I max out 401k, HSA, and FSA each year. I have enough in HSA to cover maximum out of pocket deductible for 3 years. And it’s invested inside the account (although not in anything sexy / high yield because they limit what you can pick).
Am I correct in thinking I should keep throwing money in here? Because no return is going to match 32% tax rate?
Or should I dial back my contributions and do something else with it?
I paid off all debt last year. Only thing I have is a mortgage which is @ 3.25. I’m at ~70% LTPP and ~ 55% LTV. Hard to justify throwing more there.
Married w/kids. Mid 30s. $350k retirement and ~$60k non retirement investments (stocks).
I’m out of ideas on ways to minimize taxes and what to do with my money.
If the market wasn’t so crazy I’d buy rental properties. But I’m not going to pay these insane prices. Schedule C send advantageous for taxes.
I don’t want to put any more in the stock market. I feel like a correction has to come.
And obviously savings or CDs pay nothing (I remember the glory days of the mid-late 2000s getting decent CD rates.)
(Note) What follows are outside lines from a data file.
lemma countable_separating_generators:
  assumes "C \<subseteq> sigma_sets \<Omega> R" "countable C" "separates_points C \<Omega>"
  shows "\<exists>R0\<subseteq>R. countable R0 \<and> separates_points R0 \<Omega>"
proof -
  have "\<forall>c\<in>C. \<exists>Rc\<subseteq>R. countable Rc \<and> c \<in> sigma_sets \<Omega> Rc"
    using assms(1) sigma_sets_countable_generator by blast
  then obtain Rc where Rc: "\<And>c. c \<in> C \<Longrightarrow> Rc c \<subseteq> R \<and> countable (Rc c) \<and> c \<in> sigma_sets \<Omega> (Rc c)"
    by metis
  define R0 where "R0 = (\<Union>c\<in>C. Rc c)"
  have "separates_points R0 \<Omega>"
    unfolding separates_points_def
  proof (intro ballI impI)
    fix x y assume xy: "x \<in> \<Omega>" "y \<in> \<Omega>" "x \<noteq> y"
    then obtain c where c: "c \<in> C" "(x \<in> c) \<noteq> (y \<in> c)"
      using assms(3) unfolding separates_points_def by blast
    then show "\<exists>r\<in>R0. (x \<in> r) \<noteq> (y \<in> r)"
      using sigma_sets_preserves_inseparability[of c \<Omega> "Rc c" x y] Rc[OF c(1)] xy
      unfolding R0_def by blast
  qed
  moreover have "R0 \<subseteq> R" "countable R0"
    using Rc assms(2) unfolding R0_def by auto
  ultimately show ?thesis by blast
qed

lemma separating_generators_of_diagonal:
  fixes M :: "'a measure"
  assumes diag: "{(x, x) | x. x \<in> space M} \<in> sets (M \<Otimes>\<^sub>M M)"
    and gen: "sigma_sets (space M) R = sets M"
  shows "\<exists>R0\<subseteq>R. countable R0 \<and> separates_points R0 (space M)"
proof -
  obtain C where C: "C \<subseteq> sets M" "countable C" "separates_points C (space M)"
    using separating_sides_of_diagonal[OF diag] by blast
  have "C \<subseteq> sigma_sets (space M) R" using C(1) gen by simp
  then show ?thesis using countable_separating_generators[OF _ C(2,3)] by blast
qed

definition atom :: "'a set \<Rightarrow> ('a set \<times> bool) list \<Rightarrow> 'a set" where
  "atom B L = B \<inter> {x. \<forall>(r, b)\<in>set L. (x \<in> r) = b}"

lemma (in ring_of_sets) atom_in_ring:
  assumes B: "B \<in> M" and L: "set L \<subseteq> M \<times> UNIV"
  shows "atom B L \<in> M"
  using L
proof (induction L)
  case Nil
  then show ?case using B by (simp add: atom_def)
next
  case (Cons a L)
  obtain r b where a: "a = (r, b)" by force
  have "r \<in> M" "atom B L \<in> M" using Cons a by auto
  moreover have "atom B (a # L) = (if b then atom B L \<inter> r else atom B L - r)"
    unfolding a atom_def by auto
  ultimately show ?case by auto
qed
lemma edges_G': "edges G' = edges G \<union> {{N, u} | u. u \<in> D}"
  by (simp add: edges_add_vertex verts_G)

lemma new_vertex_notin: "N \<notin> verts G"
  by (simp add: verts_G)

lemma finite_D: "finite D"
  using D_verts verts_G finite_subset by auto

lemma neighbour_new_vertex: "{N, v} \<in> edges G' \<Longrightarrow> v \<noteq> N \<Longrightarrow> v \<in> D"
  using edges_G new_vertex_notin unfolding edges_G' by (auto simp: doubleton_eq_iff)

lemma is_path_G': "is_path G ps \<Longrightarrow> is_path G' ps"
  unfolding is_path_iff_successively using verts_G' edges_G'
  by (auto elim: successively_mono)

lemma is_path_G_if_avoids: "is_path G' ps \<Longrightarrow> N \<notin> set ps \<Longrightarrow> is_path G ps"
  unfolding is_path_iff_successively
proof (elim conjE, intro conjI)
  assume a: "successively (\<lambda>u v. {u, v} \<in> edges G') ps" "N \<notin> set ps" "set ps \<subseteq> verts G'"
  show "set ps \<subseteq> verts G" using a verts_G' by auto
  have "successively (\<lambda>u v. {u, v} \<in> edges G) ps \<longleftrightarrow> successively (\<lambda>u v. {u, v} \<in> edges G') ps"
    by (rule successively_cong) (use a(2) in \<open>auto simp: edges_G' doubleton_eq_iff\<close>)
  then show "successively (\<lambda>u v. {u, v} \<in> edges G) ps" using a by simp
qed auto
Where I can, I’m holding things for LTCG, but most of my money gets taxed out the ass. Tax bill for my wife and I this year (federal & state) over $100k, 25% of our gross income. Hurts my soul.
1) Anything Im missing on the tax front?
2) What should I do with my money?
> I max out 401k, HSA, and FSA each year
What type of FSA?
Mathematically, HSA should be maxed if you can afford it, which it sounds like you can. They are pre-tax contributions, tax-free investment gains, and if you use it for qualified medical expenses even years later (save those out of pocket receipts), then you use the money tax-free too. Triple tax savings.
Worst case, you live a healthy life and when you are ~~59.5~~ **65** you withdraw it and pay tax just like a tIRA. At that point pat yourself on the back, you didn’t get cancer.
>I max out 401k, HSA, and FSA each year
You may not be able to do that depending on the FSA.
You should max the HSA every year you can because you can spend that money on any medical bill between now and when you die so the more money you have in it, the better. You will need it when you’re older, even if you don’t now. Just save your receipts.
Max the HSA. If you can find a better investment option within the HSA that would be ideal. I do a simple target date fund of 2065 (mid 30’s for reference). Also… we are always heading towards a correction. I’d suggest removing feelings from economics and life will be much more pleasurable. Ha.